• [What to produce] Locate every line below that contains the word "longleftrightarrow" and copy it.

[Collected data entries]

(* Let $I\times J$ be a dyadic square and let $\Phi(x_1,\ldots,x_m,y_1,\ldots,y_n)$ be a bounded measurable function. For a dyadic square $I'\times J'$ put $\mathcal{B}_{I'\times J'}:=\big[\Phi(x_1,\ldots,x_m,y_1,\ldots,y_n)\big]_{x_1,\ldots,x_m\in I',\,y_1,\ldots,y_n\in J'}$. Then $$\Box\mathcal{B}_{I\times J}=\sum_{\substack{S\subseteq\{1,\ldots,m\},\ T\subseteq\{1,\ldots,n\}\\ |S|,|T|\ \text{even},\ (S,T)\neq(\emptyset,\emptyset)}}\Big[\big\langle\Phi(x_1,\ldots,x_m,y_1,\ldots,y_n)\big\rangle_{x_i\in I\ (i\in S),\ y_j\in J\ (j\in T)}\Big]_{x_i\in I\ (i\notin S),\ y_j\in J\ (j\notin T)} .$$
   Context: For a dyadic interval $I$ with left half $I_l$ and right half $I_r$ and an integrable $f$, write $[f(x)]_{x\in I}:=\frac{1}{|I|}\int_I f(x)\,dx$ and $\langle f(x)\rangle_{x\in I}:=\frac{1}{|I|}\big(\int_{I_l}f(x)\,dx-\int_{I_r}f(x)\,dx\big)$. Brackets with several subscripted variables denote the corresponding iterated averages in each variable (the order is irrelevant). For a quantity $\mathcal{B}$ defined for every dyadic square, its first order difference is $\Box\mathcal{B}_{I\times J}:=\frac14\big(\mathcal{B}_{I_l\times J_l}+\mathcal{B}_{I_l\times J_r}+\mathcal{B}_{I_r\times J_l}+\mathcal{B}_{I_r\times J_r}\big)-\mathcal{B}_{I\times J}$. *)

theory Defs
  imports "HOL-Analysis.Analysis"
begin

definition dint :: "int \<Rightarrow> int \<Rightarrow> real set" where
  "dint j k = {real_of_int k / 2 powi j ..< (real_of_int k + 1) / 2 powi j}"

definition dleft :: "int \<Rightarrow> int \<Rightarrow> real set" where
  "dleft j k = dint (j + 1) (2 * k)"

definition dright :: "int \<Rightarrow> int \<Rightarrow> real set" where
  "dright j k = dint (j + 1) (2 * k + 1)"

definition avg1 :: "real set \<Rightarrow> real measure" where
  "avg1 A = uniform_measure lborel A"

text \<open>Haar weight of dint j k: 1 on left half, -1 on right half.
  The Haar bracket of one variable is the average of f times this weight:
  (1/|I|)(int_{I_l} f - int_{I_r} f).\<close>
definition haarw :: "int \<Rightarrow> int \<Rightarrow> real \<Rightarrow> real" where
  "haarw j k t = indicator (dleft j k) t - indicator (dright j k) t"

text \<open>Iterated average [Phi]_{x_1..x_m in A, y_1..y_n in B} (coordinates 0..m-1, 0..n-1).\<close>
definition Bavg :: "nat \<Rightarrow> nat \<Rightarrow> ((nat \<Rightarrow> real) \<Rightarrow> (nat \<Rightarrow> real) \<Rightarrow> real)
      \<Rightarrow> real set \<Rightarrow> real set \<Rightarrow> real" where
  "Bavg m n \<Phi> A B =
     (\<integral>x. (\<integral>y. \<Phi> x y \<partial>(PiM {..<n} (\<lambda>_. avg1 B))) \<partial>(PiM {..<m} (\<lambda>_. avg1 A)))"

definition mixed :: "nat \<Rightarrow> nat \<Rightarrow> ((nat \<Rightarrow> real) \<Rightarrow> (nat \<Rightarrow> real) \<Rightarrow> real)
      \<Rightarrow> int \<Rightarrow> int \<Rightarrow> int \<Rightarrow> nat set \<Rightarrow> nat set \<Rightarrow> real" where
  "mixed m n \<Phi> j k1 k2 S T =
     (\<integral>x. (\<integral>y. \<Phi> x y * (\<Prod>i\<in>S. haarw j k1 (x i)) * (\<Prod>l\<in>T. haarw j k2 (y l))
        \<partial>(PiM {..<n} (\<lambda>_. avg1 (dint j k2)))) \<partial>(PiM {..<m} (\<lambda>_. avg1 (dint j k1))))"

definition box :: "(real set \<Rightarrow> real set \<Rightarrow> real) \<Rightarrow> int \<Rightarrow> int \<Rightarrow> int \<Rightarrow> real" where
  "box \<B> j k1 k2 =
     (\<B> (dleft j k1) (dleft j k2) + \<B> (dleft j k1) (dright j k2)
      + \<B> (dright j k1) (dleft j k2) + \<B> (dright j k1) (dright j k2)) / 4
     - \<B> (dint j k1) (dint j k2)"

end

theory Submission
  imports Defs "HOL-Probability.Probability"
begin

* * *

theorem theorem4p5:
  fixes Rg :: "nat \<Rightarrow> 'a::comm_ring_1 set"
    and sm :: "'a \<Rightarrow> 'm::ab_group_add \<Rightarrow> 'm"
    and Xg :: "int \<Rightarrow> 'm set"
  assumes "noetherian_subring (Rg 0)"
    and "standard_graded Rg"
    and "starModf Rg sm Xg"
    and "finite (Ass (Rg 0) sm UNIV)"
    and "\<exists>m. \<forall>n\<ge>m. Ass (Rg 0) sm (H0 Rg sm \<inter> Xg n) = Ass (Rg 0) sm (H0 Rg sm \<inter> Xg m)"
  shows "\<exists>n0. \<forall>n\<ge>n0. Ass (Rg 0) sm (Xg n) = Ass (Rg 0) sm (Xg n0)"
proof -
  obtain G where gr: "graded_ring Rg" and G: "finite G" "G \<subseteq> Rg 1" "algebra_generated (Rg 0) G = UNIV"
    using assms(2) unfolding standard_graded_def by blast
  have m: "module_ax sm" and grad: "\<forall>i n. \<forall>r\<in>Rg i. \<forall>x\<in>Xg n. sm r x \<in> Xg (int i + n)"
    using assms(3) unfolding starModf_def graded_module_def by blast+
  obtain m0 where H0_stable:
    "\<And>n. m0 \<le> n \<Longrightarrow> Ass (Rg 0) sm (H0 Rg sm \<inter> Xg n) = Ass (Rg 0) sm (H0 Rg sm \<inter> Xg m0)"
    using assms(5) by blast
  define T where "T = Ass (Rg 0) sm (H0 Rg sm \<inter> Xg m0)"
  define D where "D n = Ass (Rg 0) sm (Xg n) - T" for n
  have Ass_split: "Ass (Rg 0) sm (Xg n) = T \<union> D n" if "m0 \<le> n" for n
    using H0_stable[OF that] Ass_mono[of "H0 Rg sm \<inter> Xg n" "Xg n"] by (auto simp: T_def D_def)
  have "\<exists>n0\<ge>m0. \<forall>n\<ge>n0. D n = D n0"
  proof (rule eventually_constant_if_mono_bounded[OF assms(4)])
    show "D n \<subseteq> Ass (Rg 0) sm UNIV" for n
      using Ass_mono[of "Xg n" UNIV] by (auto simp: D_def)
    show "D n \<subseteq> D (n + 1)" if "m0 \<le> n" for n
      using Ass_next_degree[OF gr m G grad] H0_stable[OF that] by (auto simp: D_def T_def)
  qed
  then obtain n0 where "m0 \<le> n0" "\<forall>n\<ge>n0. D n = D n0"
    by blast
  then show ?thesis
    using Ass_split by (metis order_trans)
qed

* * *

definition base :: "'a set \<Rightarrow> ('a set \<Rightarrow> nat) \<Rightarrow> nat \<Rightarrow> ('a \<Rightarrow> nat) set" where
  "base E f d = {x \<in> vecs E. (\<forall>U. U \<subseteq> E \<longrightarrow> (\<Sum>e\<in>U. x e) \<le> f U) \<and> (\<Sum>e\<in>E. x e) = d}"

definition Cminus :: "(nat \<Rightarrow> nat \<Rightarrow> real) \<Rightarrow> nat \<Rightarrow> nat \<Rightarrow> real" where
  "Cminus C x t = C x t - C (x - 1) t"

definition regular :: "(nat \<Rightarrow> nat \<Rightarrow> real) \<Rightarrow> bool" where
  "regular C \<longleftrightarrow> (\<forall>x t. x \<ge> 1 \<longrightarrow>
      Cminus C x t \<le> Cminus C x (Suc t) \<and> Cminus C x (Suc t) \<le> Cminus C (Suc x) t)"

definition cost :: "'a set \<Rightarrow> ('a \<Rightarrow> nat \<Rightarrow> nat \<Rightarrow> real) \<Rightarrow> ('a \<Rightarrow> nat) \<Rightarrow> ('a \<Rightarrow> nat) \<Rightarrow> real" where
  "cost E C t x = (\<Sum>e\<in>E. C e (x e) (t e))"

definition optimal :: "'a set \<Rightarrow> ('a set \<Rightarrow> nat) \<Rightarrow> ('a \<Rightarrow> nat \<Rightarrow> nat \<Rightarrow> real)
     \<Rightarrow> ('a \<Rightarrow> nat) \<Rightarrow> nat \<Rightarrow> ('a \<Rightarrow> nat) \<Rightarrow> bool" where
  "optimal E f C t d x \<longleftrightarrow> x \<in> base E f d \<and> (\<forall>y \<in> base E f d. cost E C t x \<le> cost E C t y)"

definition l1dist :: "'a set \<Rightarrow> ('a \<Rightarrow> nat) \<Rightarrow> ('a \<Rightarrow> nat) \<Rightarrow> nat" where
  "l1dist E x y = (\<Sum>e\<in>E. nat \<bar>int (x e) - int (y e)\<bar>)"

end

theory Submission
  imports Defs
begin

• [Answer for the task]
  "regular C \<longleftrightarrow> (\<forall>x t. x \<ge> 1 \<longrightarrow>
  "optimal E f C t d x \<longleftrightarrow> x \<in> base E f d \<and> (\<forall>y \<in> base E f d. cost E C t x \<le> cost E C t y)"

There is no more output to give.